Syair Rabindranath Tagore
Tidur di mata bayi, siapa yang mencuri? Aku tahu, mesti.
Ada kendi terdekap di pinggang, ibu pergi mengambil air
tak jauh di luar desa.
Hari telah malam. Anak-anak kehabisan waktu bermain;
itik di kolam tak lagi meriuhkan suara.
Bocah gembala berbaring tertidur di bawah bayang-bayang
rindang pohon banyan.
Burung bangau berdiri muram masih di sana ia di rawa-rawa
di dekat rerumpun pohon mangga.
Sementara itulah, datang sang penuri-tidur, dan merampas
lekas tidur dari mata bayi, lalu berembus pergi.
Ketika ibu telah pulang dia lihat bayinya menjelajah empat
penjuru rumah, semua ruang ia jamah.
Tidr di mata bayi, siapa yang mencuri? Aku tahu, mesti.
Aku harus temukan dia segera, kemudian merantainya.
Aku mesti mencari ke gua-gua gelap, di mana arus kecil
menetes-netes di batu-batu besar dan batu mengerut.

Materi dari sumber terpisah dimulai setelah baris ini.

lemma stokes_discriminant_nonpos:
  fixes a b c c0 c1 :: complex
  assumes det: "a\<^sup>2 - b * c = 1" and trace: "- c0 * c1 * a - c0 * c + c1 * b = 0"
    and real: "c1 * b + a = cnj a" and "c0 \<noteq> 0"
  shows "let \<beta> = - \<i> * b; \<sigma> = c1 / c0; \<Delta>0 = \<beta>\<^sup>2 * (4 * \<sigma> + c1\<^sup>2) - 4
         in Im \<Delta>0 = 0 \<and> Re \<Delta>0 \<le> 0"
proof -
  have "c1 * b = c0 * (c + c1 * a)" using trace by (simp add: algebra_simps)
  hence "b * c1 * b = c0 * (b * c + c1 * a * b)" by algebra
  hence "b * c1 * b / c0 = b * c + c1 * a * b" using \<open>c0 \<noteq> 0\<close> by (simp add: divide_eq_eq mult.commute)
  have "(- \<i> * b)\<^sup>2 * (4 * (c1 / c0) + c1\<^sup>2) - 4 = - 4 * (b * c1 * b / c0) - b\<^sup>2 * c1\<^sup>2 - 4"
    by (simp add: power2_eq_square field_simps)
  also have "\<dots> = - 4 * (b * c + c1 * a * b) - b\<^sup>2 * c1\<^sup>2 - 4"
    unfolding \<open>b * c1 * b / c0 = b * c + c1 * a * b\<close> ..
  also have "\<dots> = - (a + (c1 * b + a))\<^sup>2"
    using det by algebra
  also have "a + (c1 * b + a) = of_real (2 * Re a)"
    unfolding real by (simp add: complex_add_cnj)
  finally have "(- \<i> * b)\<^sup>2 * (4 * (c1 / c0) + c1\<^sup>2) - 4 = - of_real ((2 * Re a)\<^sup>2)" by simp
  thus ?thesis unfolding Let_def by simp
qed

section \<open>The Stokes data of (L)\<close>

locale stokes_data =
  fixes \<omega> \<mu> :: real and l :: nat
    and Sp Sm :: "complex set" and Hp Hm :: "complex \<Rightarrow> complex^2^2"
    and c0 c1 a b c :: complex
  assumes mu_pos: "\<mu> > 0"
    and admissible: "admissible_Splus Sp" and Sm_eq: "Sm = cnj ` Sp"
    and normalizing_p: "normalizing \<omega> l \<mu> Sp Hp" and normalizing_m: "normalizing \<omega> l \<mu> Sm Hm"
    and stokes_0: "\<forall>z \<in> connected_component_set (Sp \<inter> Sm) (-1).
           Hm z ** Fmat l \<mu> z = (Hp z ** Fmat l \<mu> z) ** mat2 1 c0 0 1"
    and stokes_1: "\<forall>z \<in> connected_component_set (Sp \<inter> Sm) 1.
           Hp z ** Fmat l \<mu> z = (Hm z ** Fmat l \<mu> z) ** mat2 1 0 c1 1"
    and involution: "\<forall>z \<in> connected_component_set (Sp \<inter> Sm) 1.
           (Hp z ** Fmat l \<mu> z) ** monodromyN l
             = invI l \<mu> (\<lambda>w. (Hp w ** Fmat l \<mu> w) ** monodromyN l) z ** mat2 (- a) b (- c) a"
begin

Aku mesti mencari di teduh rumpun bakula yang melenakan,
di mana merpati bersuara di sudutnya, dan gelang kaki peri,
berdentingan dalam sunyi malam yang penuh bintang.
Di malam hari, aku mengintip di bisik senyap hutan bambu,
di mana kunang-kunang menuntaskan cahaya, dan aku
akan bertanya pada semua makhluk yang terjumpa, " Siapa
yang bisa beri aku tahu, di mana tinggalnya pencuri tidur itu?

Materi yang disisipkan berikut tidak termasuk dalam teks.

text \<open>Apply the invariance of \<omega> under ad(e_u) for a vertex u and read off the
  coefficient of \<beta> \<wedge> \<alpha> for two edges \<beta>, \<alpha>. Writing [e_u, e_c] = s(u,c) uc with the
  sign s = orientation, this gives s(u,c) \<lambda>(c,ud) = s(u,d) \<lambda>(d,uc) for neighbours c, d of u, and
  s(u,c) \<lambda>(c,\<alpha>) = 0 when u is not an endpoint of \<alpha>. Hence \<lambda>(e,\<alpha>) vanishes as soon as e
  has a neighbour off \<alpha>. Otherwise, if |e| \<ge> 2, the neighbours of e are exactly the
  endpoints of \<alpha>, so e and \<alpha> span a triangle, and going once around the three relations
  of the triangle returns \<lambda>(e,\<alpha>) with the opposite sign.\<close>

definition edge_between :: "'v::linorder \<Rightarrow> 'v \<Rightarrow> 'v \<times> 'v" where
  "edge_between u v = (min u v, max u v)"

definition orientation :: "'v::linorder \<Rightarrow> 'v \<Rightarrow> 'k::field" where
  "orientation u v = (if u < v then 1 else -1)"

definition vertex_edge_form :: "'v::linorder set \<Rightarrow> ('v \<Rightarrow> 'v \<Rightarrow> bool)
    \<Rightarrow> ('v \<Rightarrow> 'v \<times> 'v \<Rightarrow> 'k::field) \<Rightarrow> ('v + 'v \<times> 'v \<Rightarrow> 'v + 'v \<times> 'v \<Rightarrow> 'k)" where
  "vertex_edge_form V E lam = (\<lambda>p q. \<Sum>e\<in>V. \<Sum>\<alpha>\<in>edges V E.
      lam e \<alpha> * wedge (bvec (Inl e)) (bvec (Inr \<alpha>)) p q)"

lemma edge_between_commute: "edge_between u v = edge_between v u"
  by (auto simp: edge_between_def min_def max_def)

lemma orientation_commute: "u \<noteq> v \<Longrightarrow> orientation v u = - (orientation u v :: 'k::field)"
  by (auto simp: orientation_def)

lemma orientation_mult_self: "orientation u v * orientation u v = (1::'k::field)"
  by (simp add: orientation_def)

lemma orientation_nonzero: "orientation u v \<noteq> (0::'k::field)"
  by (simp add: orientation_def)

lemma finite_edges: "finite V \<Longrightarrow> finite (edges V E)"
  by (rule finite_subset[of _ "V \<times> V"]) (auto simp: edges_def)

lemma finite_gbasis: "finite V \<Longrightarrow> finite (gbasis V E)"
  by (simp add: gbasis_def finite_edges)

lemma sum_gbasis:
  assumes "finite V"
  shows "(\<Sum>r\<in>gbasis V E. f r) = (\<Sum>e\<in>V. f (Inl e)) + (\<Sum>\<alpha>\<in>edges V E. f (Inr \<alpha>))"
proof -
  have "(\<Sum>r\<in>gbasis V E. f r) = (\<Sum>r\<in>Inl ` V. f r) + (\<Sum>r\<in>Inr ` edges V E. f r)"
    unfolding gbasis_def using assms finite_edges by (intro sum.union_disjoint) auto
  then show ?thesis
    by (simp add: sum.reindex)
qed

lemma edge_between_in_edges:
  assumes "graph_ok V E" "E u v"
  shows "edge_between u v \<in> edges V E"
proof -
  have "u \<in> V" "v \<in> V" "E v u" "u \<noteq> v"
    using assms unfolding graph_ok_def by metis+
  then show ?thesis
    using assms(2) by (cases "u < v") (auto simp: edge_between_def edges_def min_def max_def)
qed

lemma gbracket_bvec:
  assumes "finite V" "a \<in> gbasis V E" "b \<in> gbasis V E"
  shows "gbracket V E (bvec a) (bvec b) z = (brb E a b z :: 'k::field)"
proof -
  have "gbracket V E (bvec a) (bvec b) z = (\<Sum>a'\<in>gbasis V E. \<Sum>b'\<in>gbasis V E.
      if a' = a then if b' = b then (brb E a' b' z :: 'k) else 0 else 0)"
    unfolding gbracket_def bvec_def by (intro sum.cong refl) auto
  also have "\<dots> = (\<Sum>a'\<in>gbasis V E. if a' = a then brb E a b z else 0)"
    using assms finite_gbasis[OF assms(1)] by (intro sum.cong refl) (simp add: sum.delta')
  finally show ?thesis
    using assms finite_gbasis[OF assms(1)] by (simp add: sum.delta')
qed

lemma brb_Inl_Inl_Inr:
  "brb E (Inl u) (Inl e) (Inr \<gamma>) = (if E u e \<and> u < e \<and> \<gamma> = (u, e) then 1
     else if E u e \<and> e < u \<and> \<gamma> = (e, u) then -1 else (0::'k::field))"
  unfolding brb_def bvec_def by auto

lemma brb_Inr_right: "brb E a (Inr \<gamma>) z = 0"
  unfolding brb_def by (cases a) auto

lemma sum_brb_edge_between:
  assumes "graph_ok V E" "E u c"
  shows "(\<Sum>e\<in>V. brb E (Inl u) (Inl e) (Inr (edge_between u c)) * f e)
           = orientation u c * (f c :: 'k::field)"
proof -
  have "finite V" "c \<in> V" "u \<noteq> c" "E c u"
    using assms unfolding graph_ok_def by metis+
  then have "(\<Sum>e\<in>V. brb E (Inl u) (Inl e) (Inr (edge_between u c)) * f e) =
        (\<Sum>e\<in>V. if e = c then orientation u c * f c else 0)"
    using assms(2) by (intro sum.cong refl)
      (auto simp: brb_Inl_Inl_Inr orientation_def edge_between_def min_def max_def)
  with \<open>finite V\<close> \<open>c \<in> V\<close> show ?thesis
    by (simp add: sum.delta')
qed

lemma sum_brb_not_incident:
  assumes "u \<noteq> i" "u \<noteq> j"
  shows "(\<Sum>e\<in>V. brb E (Inl u) (Inl e) (Inr (i, j)) * f e) = (0 :: 'k::field)"
  using assms by (intro sum.neutral ballI) (simp add: brb_Inl_Inl_Inr)

lemma vertex_edge_form_Inl_Inr:
  assumes "finite V"
  shows "vertex_edge_form V E lam (Inl e) (Inr \<alpha>)
           = (if e \<in> V \<and> \<alpha> \<in> edges V E then lam e \<alpha> else 0)"
proof -
  have "vertex_edge_form V E lam (Inl e) (Inr \<alpha>) = (\<Sum>e'\<in>V. \<Sum>\<alpha>'\<in>edges V E.
          if e' = e then if \<alpha>' = \<alpha> then lam e \<alpha> else 0 else 0)"
    unfolding vertex_edge_form_def wedge_def bvec_def by (intro sum.cong refl) simp
  also have "\<dots> = (\<Sum>e'\<in>V. if e' = e then if \<alpha> \<in> edges V E then lam e \<alpha> else 0 else 0)"
    using finite_edges[OF assms] by (intro sum.cong refl) (simp add: sum.delta')
  finally show ?thesis
    using assms by (simp add: sum.delta')
qed

lemma vertex_edge_form_Inr_Inl:
  assumes "finite V"
  shows "vertex_edge_form V E lam (Inr \<alpha>) (Inl e)
           = - (if e \<in> V \<and> \<alpha> \<in> edges V E then lam e \<alpha> else 0)"
proof -
  have "vertex_edge_form V E lam (Inr \<alpha>) (Inl e) = - vertex_edge_form V E lam (Inl e) (Inr \<alpha>)"
    unfolding vertex_edge_form_def wedge_def by (simp add: sum_negf[symmetric] algebra_simps)
  then show ?thesis
    by (simp only: vertex_edge_form_Inl_Inr[OF assms])
qed

lemma vertex_edge_form_Inr_Inr: "vertex_edge_form V E lam (Inr \<beta>) (Inr \<alpha>) = 0"
  unfolding vertex_edge_form_def wedge_def bvec_def by simp

lemma ad2_vertex_edge_form_Inr_Inr:
  assumes "finite V" "u \<in> V" "\<alpha> \<in> edges V E" "\<beta> \<in> edges V E"
  shows "ad2 V E (bvec (Inl u)) (vertex_edge_form V E lam) (Inr \<beta>) (Inr \<alpha>) =
    (\<Sum>e\<in>V. brb E (Inl u) (Inl e) (Inr \<beta>) * lam e \<alpha>)
      - (\<Sum>e\<in>V. brb E (Inl u) (Inl e) (Inr \<alpha>) * (lam e \<beta> :: 'k::field))"
proof -
  have u: "Inl u \<in> gbasis V E"
    using assms(2) by (simp add: gbasis_def)
  have "ad2 V E (bvec (Inl u)) (vertex_edge_form V E lam) (Inr \<beta>) (Inr \<alpha>) =
      (\<Sum>r\<in>gbasis V E. brb E (Inl u) r (Inr \<beta>) * vertex_edge_form V E lam r (Inr \<alpha>))
    + (\<Sum>r\<in>gbasis V E. brb E (Inl u) r (Inr \<alpha>) * vertex_edge_form V E lam (Inr \<beta>) r)"
    unfolding ad2_def by (intro arg_cong2[where f="(+)"] sum.cong refl)
      (simp_all add: gbracket_bvec[OF assms(1) u])
  then show ?thesis
    using assms
    by (simp add: sum_gbasis brb_Inr_right vertex_edge_form_Inl_Inr vertex_edge_form_Inr_Inl
        vertex_edge_form_Inr_Inr sum_negf cong: sum.cong)
qed

lemma invariant_vertex_edge_form_relation:
  fixes lam :: "'v::linorder \<Rightarrow> 'v \<times> 'v \<Rightarrow> 'k::field"
  assumes "finite V" "invariant2 V E (vertex_edge_form V E lam)"
    and "u \<in> V" "\<alpha> \<in> edges V E" "\<beta> \<in> edges V E"
  shows "(\<Sum>e\<in>V. brb E (Inl u) (Inl e) (Inr \<beta>) * lam e \<alpha>)
           = (\<Sum>e\<in>V. brb E (Inl u) (Inl e) (Inr \<alpha>) * (lam e \<beta> :: 'k::field))"
proof -
  have "bvec (Inl u) \<in> (galg V E :: ('v + 'v \<times> 'v \<Rightarrow> 'k) set)"
    using assms(3) by (auto simp: galg_def gbasis_def bvec_def)
  then have "ad2 V E (bvec (Inl u)) (vertex_edge_form V E lam) (Inr \<beta>) (Inr \<alpha>) = 0"
    using assms(2) unfolding invariant2_def by simp
  then show ?thesis
    using ad2_vertex_edge_form_Inr_Inr[OF assms(1,3-5), of lam] by simp
qed

lemma invariant_coeff_zero_if_neighbour_off_edge:
  assumes "graph_ok V E" "invariant2 V E (vertex_edge_form V E lam)"
    and "(i, j) \<in> edges V E" "E c u" "u \<noteq> i" "u \<noteq> j"
  shows "lam c (i, j) = (0 :: 'k::field)"
proof -
  have "finite V" "u \<in> V" "E u c"
    using assms(1,4) unfolding graph_ok_def by metis+
  then have "(\<Sum>e\<in>V. brb E (Inl u) (Inl e) (Inr (edge_between u c)) * lam e (i, j))
      = (\<Sum>e\<in>V. brb E (Inl u) (Inl e) (Inr (i, j)) * lam e (edge_between u c))"
    using invariant_vertex_edge_form_relation[OF _ assms(2) _ assms(3)]
      edge_between_in_edges[OF assms(1)] by blast
  then have "orientation u c * lam c (i, j) = 0"
    by (simp only: sum_brb_edge_between[OF assms(1) \<open>E u c\<close>] sum_brb_not_incident[OF assms(5,6)])
  then show ?thesis
    by (simp add: orientation_nonzero)
qed

lemma invariant_signed_coeff_swap:
  assumes "graph_ok V E" "invariant2 V E (vertex_edge_form V E lam)" "E u c" "E u d"
  shows "orientation u d * lam c (edge_between u d)
           = orientation u c * (lam d (edge_between u c) :: 'k::field)"
proof -
  have "finite V" "u \<in> V"
    using assms(1,3) unfolding graph_ok_def by metis+
  then have "(\<Sum>e\<in>V. brb E (Inl u) (Inl e) (Inr (edge_between u c)) * lam e (edge_between u d))
      = (\<Sum>e\<in>V. brb E (Inl u) (Inl e) (Inr (edge_between u d)) * lam e (edge_between u c))"
    using invariant_vertex_edge_form_relation[OF _ assms(2)]
      edge_between_in_edges[OF assms(1)] assms(3,4) by blast
  then have "orientation u c * lam c (edge_between u d) = orientation u d * lam d (edge_between u c)"
    by (simp only: sum_brb_edge_between[OF assms(1,3)] sum_brb_edge_between[OF assms(1,4)])
  moreover have "orientation u c * orientation u c = (1::'k)" "orientation u d * orientation u d = (1::'k)"
    by (simp_all add: orientation_mult_self)
  ultimately show ?thesis
    by algebra
qed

Harus aku beri pelajaran dia, kalau nanti bisa tertangkap dia!
Akan kubongkar sarangnya dan kucari di mana dia timbun
semua tidur yang telah dia curi.
Aku akan rampas semuanya, dan kubawa pulang ke rumah.

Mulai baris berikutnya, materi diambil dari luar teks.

(* Let $T$ be a key with at most $n$ rows. Then $\mathrm{cap}_n(T)$ is also a key. Moreover, if $T'$ is another key of the same shape, then $\mathrm{cap}_n(T)\ge T'$ (entrywise) if and only if $T\ge T'$ (entrywise) and $\max(T')\le n$.
   Context: Tableaux are drawn in English convention with positive integer entries; $T_c$ denotes the set of entries of column $c$. A key is a tableau whose columns are strictly increasing top to bottom and satisfy $T_1\supseteq T_2\supseteq\cdots$. For a key $T$ with at most $n$ rows, $\mathrm{cap}_n(T)$ is obtained by replacing, in each column, the entries larger than $n$ by the largest integers in $[n]$ that are missing from that column, and then sorting each column increasingly. Inequalities between tableaux of the same shape are entrywise (cell by cell). *)

theory Defs
  imports Main
begin

text \<open>A tableau is represented as the list of its columns (left to right); each column is
  the list of its entries read top to bottom. Entries are positive naturals.\<close>

type_synonym tableau = "nat list list"

definition shape :: "tableau \<Rightarrow> nat list" where
  "shape T = map length T"

definition is_tableau :: "tableau \<Rightarrow> bool" where
  "is_tableau T \<longleftrightarrow> (\<forall>c \<in> set T. c \<noteq> [] \<and> (\<forall>x \<in> set c. 0 < x))
     \<and> sorted_wrt (\<ge>) (shape T)"

definition is_key :: "tableau \<Rightarrow> bool" where
  "is_key T \<longleftrightarrow> is_tableau T
     \<and> (\<forall>c \<in> set T. sorted_wrt (<) c)
     \<and> (\<forall>i. Suc i < length T \<longrightarrow> set (T ! Suc i) \<subseteq> set (T ! i))"

definition num_rows :: "tableau \<Rightarrow> nat" where
  "num_rows T = (if T = [] then 0 else length (hd T))"

definition largest :: "nat \<Rightarrow> nat set \<Rightarrow> nat set" where
  "largest k S = {x \<in> S. card {y \<in> S. x < y} < k}"

text \<open>cap_n on one column: replace entries > n by the largest integers of [n]
  missing from the column, then sort increasingly.\<close>
definition cap_col :: "nat \<Rightarrow> nat list \<Rightarrow> nat list" where
  "cap_col n c = sorted_list_of_set
     ({x \<in> set c. x \<le> n} \<union> largest (card {x \<in> set c. n < x}) ({1..n} - set c))"

definition cap :: "nat \<Rightarrow> tableau \<Rightarrow> tableau" where
  "cap n T = map (cap_col n) T"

Aku akan ikat saja dua sayapnya, dan tinggalkan dia di tepi
sungai, dan biarkan saja dia bermain dengan pancing batang
bulu di antara arus sungai dan bunga lili air.
Ketika hari pasar berakhir di malam hari, anak-anak desa
duduk di pangkuan ibunya, dan riuh suara burung malam
seakan mengancam:
"Tidur siapakah yang akan kau curi sekarang?"